- _Directions for this task_
Please repeat, from the entries that follow, the lines from the one containing "r = Poly_Mapping.lookup" through the one containing "fix \<gamma>" exactly, adding nothing.
━━━ Supplied data
(* Let $\psi\in\mathbb{R}[x]$ be a polynomial of degree $\ge 3$ with homogeneous expansion $\psi=\psi_t+\dots+\psi_m$, where $\psi_t\neq 0$ and $\psi_m\neq 0$. If the constant function $1$ is in the image of the Fischer operator $F_\psi$, then $\psi_m$ is a harmonic divisor.
   Context: $\mathbb{R}[x]$ denotes the real polynomials in $d$ variables, $\Delta$ the Laplacian, and $F_\psi:\mathbb{R}[x]\to\mathbb{R}[x]$, $F_\psi(q)=\Delta(\psi q)$, the Fischer operator. A polynomial $f_j$ is homogeneous of degree $j$ if $f_j(rx)=r^jf_j(x)$ for all $r>0$, $x\in\mathbb{R}^d$; every polynomial of degree $m$ is written uniquely as $f=f_t+\dots+f_m$ with $f_j$ homogeneous of degree $j$, $f_t\ne0$, $f_m\ne 0$. A polynomial $f$ is a harmonic divisor if there exists a non-zero polynomial $q$ such that $fq$ is harmonic. *)

theory Defs
  imports Complex_Main "HOL-Library.Poly_Mapping"
begin

text \<open>Real polynomials in the variables indexed by a finite type 'n (so d = CARD('n)):
  a polynomial is a finitely supported map from exponent vectors (monomials) to
  real coefficients; multiplication is the library's convolution product.\<close>

type_synonym 'n rpoly = "('n \<Rightarrow>\<^sub>0 nat) \<Rightarrow>\<^sub>0 real"

definition mon_deg :: "('n \<Rightarrow>\<^sub>0 nat) \<Rightarrow> nat" where
  "mon_deg \<alpha> = sum (Poly_Mapping.lookup \<alpha>) (Poly_Mapping.keys \<alpha>)"

definition total_degree :: "'n rpoly \<Rightarrow> nat" where
  "total_degree p = Max (insert 0 (mon_deg ` Poly_Mapping.keys p))"

definition hom_part :: "nat \<Rightarrow> 'n rpoly \<Rightarrow> 'n rpoly" where
  "hom_part j p = (\<Sum>\<alpha>\<in>{\<alpha>\<in>Poly_Mapping.keys p. mon_deg \<alpha> = j}. Poly_Mapping.single \<alpha> (Poly_Mapping.lookup p \<alpha>))"

definition pdiff :: "'n \<Rightarrow> 'n rpoly \<Rightarrow> 'n rpoly" where
  "pdiff i p = (\<Sum>\<alpha>\<in>Poly_Mapping.keys p.
      Poly_Mapping.single (\<alpha> - Poly_Mapping.single i 1) (of_nat (Poly_Mapping.lookup \<alpha> i) * Poly_Mapping.lookup p \<alpha>))"

definition laplacian :: "'n::finite rpoly \<Rightarrow> 'n rpoly" where
  "laplacian p = (\<Sum>i\<in>UNIV. pdiff i (pdiff i p))"

definition harmonic :: "'n::finite rpoly \<Rightarrow> bool" where
  "harmonic p \<longleftrightarrow> laplacian p = 0"

definition harmonic_divisor :: "'n::finite rpoly \<Rightarrow> bool" where
  "harmonic_divisor f \<longleftrightarrow> (\<exists>q. q \<noteq> 0 \<and> harmonic (f * q))"

definition fischer :: "'n::finite rpoly \<Rightarrow> 'n rpoly \<Rightarrow> 'n rpoly" where
  "fischer \<psi> q = laplacian (\<psi> * q)"

end

theory Submission
  imports Defs
begin

text \<open>If \<open>\<Delta>(\<psi> q) = 1\<close> with \<open>\<psi>\<^sub>m\<close> and \<open>q\<^sub>k\<close> the top homogeneous parts of \<open>\<psi>\<close> and \<open>q\<close>,
  then \<open>\<psi>\<^sub>m q\<^sub>k\<close> is the top homogeneous part of \<open>\<psi> q\<close>. Since \<open>\<Delta>\<close> lowers degrees by exactly two,
  \<open>\<Delta>(\<psi>\<^sub>m q\<^sub>k)\<close> is the component of degree \<open>m + k - 2 \<ge> 1\<close> of \<open>\<Delta>(\<psi> q) = 1\<close>, hence zero;
  and \<open>q\<^sub>k \<noteq> 0\<close> because \<open>q \<noteq> 0\<close>.\<close>

lemma mon_deg_eq_sum_UNIV: "mon_deg (\<alpha>::'n::finite \<Rightarrow>\<^sub>0 nat) = (\<Sum>i\<in>UNIV. Poly_Mapping.lookup \<alpha> i)"
  unfolding mon_deg_def by (rule sum.mono_neutral_left) (auto simp: in_keys_iff)

lemma mon_deg_add: "mon_deg ((\<alpha>::'n::finite \<Rightarrow>\<^sub>0 nat) + \<beta>) = mon_deg \<alpha> + mon_deg \<beta>"
  by (simp add: mon_deg_eq_sum_UNIV lookup_add sum.distrib)

lemma mon_deg_single_1 [simp]: "mon_deg (Poly_Mapping.single i (Suc 0)) = 1"
  by (simp add: mon_deg_def)

lemma mon_deg_0 [simp]: "mon_deg (0::'n \<Rightarrow>\<^sub>0 nat) = 0"
  by (simp add: mon_deg_def)

lemma lookup_hom_part:
  "Poly_Mapping.lookup (hom_part j (p::'n rpoly)) \<alpha> = (if mon_deg \<alpha> = j then Poly_Mapping.lookup p \<alpha> else 0)"
proof -
  let ?K = "{\<alpha>\<in>Poly_Mapping.keys p. mon_deg \<alpha> = j}"
  have "Poly_Mapping.lookup (hom_part j p) \<alpha> = (\<Sum>\<alpha>'\<in>?K. if \<alpha>' = \<alpha> then Poly_Mapping.lookup p \<alpha>' else 0)"
    unfolding hom_part_def lookup_sum lookup_single when_def by (rule sum.cong) auto
  also have "\<dots> = (if \<alpha> \<in> ?K then Poly_Mapping.lookup p \<alpha> else 0)"
    by (rule sum.delta) simp
  finally show ?thesis by (auto simp: in_keys_iff)
qed

lemma hom_part_sum: "hom_part j (sum f S) = (\<Sum>x\<in>S. hom_part j (f x))"
  by (rule poly_mapping_eqI) (simp add: lookup_hom_part lookup_sum)

lemma hom_part_1: "hom_part j (1::'n rpoly) = (if j = 0 then 1 else 0)"
  by (rule poly_mapping_eqI) (auto simp: lookup_hom_part lookup_one when_def)

lemma minus_single_eq_iff:
  assumes "Poly_Mapping.lookup \<alpha> i \<noteq> 0"
  shows "\<alpha> - Poly_Mapping.single i 1 = \<beta> \<longleftrightarrow> \<alpha> = \<beta> + Poly_Mapping.single i (1::nat)"
proof
  assume "\<alpha> - Poly_Mapping.single i 1 = \<beta>"
  then show "\<alpha> = \<beta> + Poly_Mapping.single i 1"
    using assms by (auto intro!: poly_mapping_eqI simp: lookup_add lookup_minus lookup_single when_def)
qed (auto intro!: poly_mapping_eqI simp: lookup_add lookup_minus)

lemma lookup_pdiff:
  "Poly_Mapping.lookup (pdiff i p) (\<beta>::'n \<Rightarrow>\<^sub>0 nat) =
     of_nat (Poly_Mapping.lookup \<beta> i + 1) * Poly_Mapping.lookup p (\<beta> + Poly_Mapping.single i 1)"
proof -
  let ?e = "Poly_Mapping.single i (1::nat)"
  let ?c = "\<lambda>\<alpha>. of_nat (Poly_Mapping.lookup \<alpha> i) * Poly_Mapping.lookup p \<alpha>"
  have summand: "(?c \<alpha> when \<alpha> - ?e = \<beta>) = (if \<alpha> = \<beta> + ?e then ?c \<alpha> else 0)" for \<alpha>
  proof (cases "Poly_Mapping.lookup \<alpha> i = 0")
    case True
    then have "\<alpha> \<noteq> \<beta> + ?e" by (auto simp: lookup_add)
    with True show ?thesis by (simp add: when_def)
  next
    case False
    then have "\<alpha> - ?e = \<beta> \<longleftrightarrow> \<alpha> = \<beta> + ?e" by (rule minus_single_eq_iff)
    then show ?thesis by (simp add: when_def)
  qed
  have "Poly_Mapping.lookup (pdiff i p) \<beta> = (\<Sum>\<alpha>\<in>Poly_Mapping.keys p. if \<alpha> = \<beta> + ?e then ?c \<alpha> else 0)"
    unfolding pdiff_def lookup_sum lookup_single by (rule sum.cong[OF refl summand])
  also have "\<dots> = (if \<beta> + ?e \<in> Poly_Mapping.keys p then ?c (\<beta> + ?e) else 0)"
    by (rule sum.delta) simp
  finally show ?thesis by (auto simp: in_keys_iff lookup_add)
qed

lemma pdiff_hom_part:
  assumes "j \<ge> 1"
  shows "pdiff i (hom_part j p) = hom_part (j - 1) (pdiff i (p::'n::finite rpoly))"
  by (rule poly_mapping_eqI) (use assms in \<open>auto simp: lookup_pdiff lookup_hom_part mon_deg_add\<close>)

lemma laplacian_hom_part:
  assumes "j \<ge> 2"
  shows "laplacian (hom_part j p) = hom_part (j - 2) (laplacian (p::'n::finite rpoly))"
proof -
  have "pdiff i (pdiff i (hom_part j p)) = hom_part (j - 2) (pdiff i (pdiff i p))" for i
    using assms by (simp add: pdiff_hom_part numeral_2_eq_2)
  then show ?thesis by (simp add: laplacian_def hom_part_sum)
qed

lemma laplacian_0 [simp]: "laplacian (0::'n::finite rpoly) = 0"
  by (rule poly_mapping_eqI) (simp add: laplacian_def lookup_sum lookup_pdiff)

lemma mon_deg_le_total_degree: "\<alpha> \<in> Poly_Mapping.keys p \<Longrightarrow> mon_deg \<alpha> \<le> total_degree p"
  unfolding total_degree_def by (rule Max_ge) auto

lemma lookup_above_total_degree: "mon_deg \<alpha> > total_degree p \<Longrightarrow> Poly_Mapping.lookup p \<alpha> = 0"
  using mon_deg_le_total_degree[of \<alpha> p] by (auto simp: in_keys_iff)

lemma hom_part_total_degree_neq_0:
  assumes "p \<noteq> 0"
  shows "hom_part (total_degree p) p \<noteq> 0"
proof -
  obtain \<alpha> where \<alpha>: "\<alpha> \<in> Poly_Mapping.keys p"
    using assms by (metis all_not_in_conv keys_eq_empty)
  have "total_degree p \<in> insert 0 (mon_deg ` Poly_Mapping.keys p)"
    unfolding total_degree_def by (rule Max_in) auto
  then obtain \<beta> where "\<beta> \<in> Poly_Mapping.keys p" "mon_deg \<beta> = total_degree p"
    using \<alpha> mon_deg_le_total_degree[OF \<alpha>] by auto
  then have "Poly_Mapping.lookup (hom_part (total_degree p) p) \<beta> \<noteq> 0"
    by (simp add: lookup_hom_part in_keys_iff)
  then show ?thesis by auto
qed

lemma lookup_mult_cong:
  fixes p q p' q' :: "'n rpoly"
  assumes "\<And>l r. \<gamma> = l + r \<Longrightarrow>
    Poly_Mapping.lookup p l * Poly_Mapping.lookup q r = Poly_Mapping.lookup p' l * Poly_Mapping.lookup q' r"
  shows "Poly_Mapping.lookup (p * q) \<gamma> = Poly_Mapping.lookup (p' * q') \<gamma>"
proof -
  have "Poly_Mapping.lookup p l * (\<Sum>r. (Poly_Mapping.lookup q r when \<gamma> = l + r)) =
        Poly_Mapping.lookup p' l * (\<Sum>r. (Poly_Mapping.lookup q' r when \<gamma> = l + r))" for l
  proof -
    have fin: "finite {r. (Poly_Mapping.lookup g r when \<gamma> = l + r) \<noteq> 0}" for g :: "'n rpoly"
      by (rule finite_subset[OF _ finite_keys[of g]]) (auto simp: in_keys_iff)
    show ?thesis
      unfolding Sum_any_right_distrib[OF fin] mult_when
      by (rule Sum_any.cong) (simp add: assms when_def)
  qed
  then show ?thesis by (simp add: lookup_mult)
qed

lemma hom_part_mult_total_degree:
  fixes p q :: "'n::finite rpoly"
  defines "m \<equiv> total_degree p" and "k \<equiv> total_degree q"
  shows "hom_part (m + k) (p * q) = hom_part m p * hom_part k q"
proof (rule poly_mapping_eqI)
  fix \<gamma>
  show "Poly_Mapping.lookup (hom_part (m + k) (p * q)) \<gamma> = Poly_Mapping.lookup (hom_part m p * hom_part k q) \<gamma>"
  proof (cases "mon_deg \<gamma> = m + k")
    case True
    have "Poly_Mapping.lookup (p * q) \<gamma> = Poly_Mapping.lookup (hom_part m p * hom_part k q) \<gamma>"
    proof (rule lookup_mult_cong)
      fix l r assume "\<gamma> = l + r"
      then have "mon_deg l + mon_deg r = m + k"
        using True by (simp add: mon_deg_add)
      moreover have "Poly_Mapping.lookup p l = 0" if "mon_deg l > m"
        using that lookup_above_total_degree m_def by blast
      moreover have "Poly_Mapping.lookup q r = 0" if "mon_deg r > k"
        using that lookup_above_total_degree k_def by blast
      ultimately show "Poly_Mapping.lookup p l * Poly_Mapping.lookup q r =
          Poly_Mapping.lookup (hom_part m p) l * Poly_Mapping.lookup (hom_part k q) r"
        by (cases "mon_deg l" m rule: linorder_cases) (auto simp: lookup_hom_part)
    qed
    with True show ?thesis by (simp add: lookup_hom_part)
  next
    case False
    have "Poly_Mapping.lookup (hom_part m p * hom_part k q) \<gamma> = Poly_Mapping.lookup (0 * 0) \<gamma>"
      by (rule lookup_mult_cong) (use False in \<open>auto simp: lookup_hom_part mon_deg_add\<close>)
    with False show ?thesis by (simp add: lookup_hom_part)
  qed
qed

theorem mainTheorem2:
  fixes \<psi> :: "('n::finite \<Rightarrow>\<^sub>0 nat) \<Rightarrow>\<^sub>0 real"
  assumes "total_degree \<psi> \<ge> 3"
    and "1 \<in> Set.range (fischer \<psi>)"
  shows "harmonic_divisor (hom_part (total_degree \<psi>) \<psi>)"
proof -
  obtain q where q: "laplacian (\<psi> * q) = 1"
    using assms(2) by (auto simp: fischer_def)
  then have "q \<noteq> 0" by auto
  define m where "m = total_degree \<psi>"
  define k where "k = total_degree q"
  have "laplacian (hom_part m \<psi> * hom_part k q) = laplacian (hom_part (m + k) (\<psi> * q))"
    by (simp add: hom_part_mult_total_degree m_def k_def)
  also have "\<dots> = hom_part (m + k - 2) 1"
    using assms(1) q by (simp add: laplacian_hom_part m_def)
  also have "\<dots> = 0"
    using assms(1) by (simp add: hom_part_1 m_def)
  finally have "harmonic (hom_part m \<psi> * hom_part k q)"
    by (simp add: harmonic_def)
  moreover have "hom_part k q \<noteq> 0"
    using \<open>q \<noteq> 0\<close> by (simp add: k_def hom_part_total_degree_neq_0)
  ultimately show ?thesis
    unfolding harmonic_divisor_def m_def by blast
qed

end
━━━━━━
- _Task answer_
    Poly_Mapping.lookup p l * Poly_Mapping.lookup q r = Poly_Mapping.lookup p' l * Poly_Mapping.lookup q' r"
  shows "Poly_Mapping.lookup (p * q) \<gamma> = Poly_Mapping.lookup (p' * q') \<gamma>"
proof -
  have "Poly_Mapping.lookup p l * (\<Sum>r. (Poly_Mapping.lookup q r when \<gamma> = l + r)) =
        Poly_Mapping.lookup p' l * (\<Sum>r. (Poly_Mapping.lookup q' r when \<gamma> = l + r))" for l
  proof -
    have fin: "finite {r. (Poly_Mapping.lookup g r when \<gamma> = l + r) \<noteq> 0}" for g :: "'n rpoly"
      by (rule finite_subset[OF _ finite_keys[of g]]) (auto simp: in_keys_iff)
    show ?thesis
      unfolding Sum_any_right_distrib[OF fin] mult_when
      by (rule Sum_any.cong) (simp add: assms when_def)
  qed
  then show ?thesis by (simp add: lookup_mult)
qed

lemma hom_part_mult_total_degree:
  fixes p q :: "'n::finite rpoly"
  defines "m \<equiv> total_degree p" and "k \<equiv> total_degree q"
  shows "hom_part (m + k) (p * q) = hom_part m p * hom_part k q"
proof (rule poly_mapping_eqI)
  fix \<gamma>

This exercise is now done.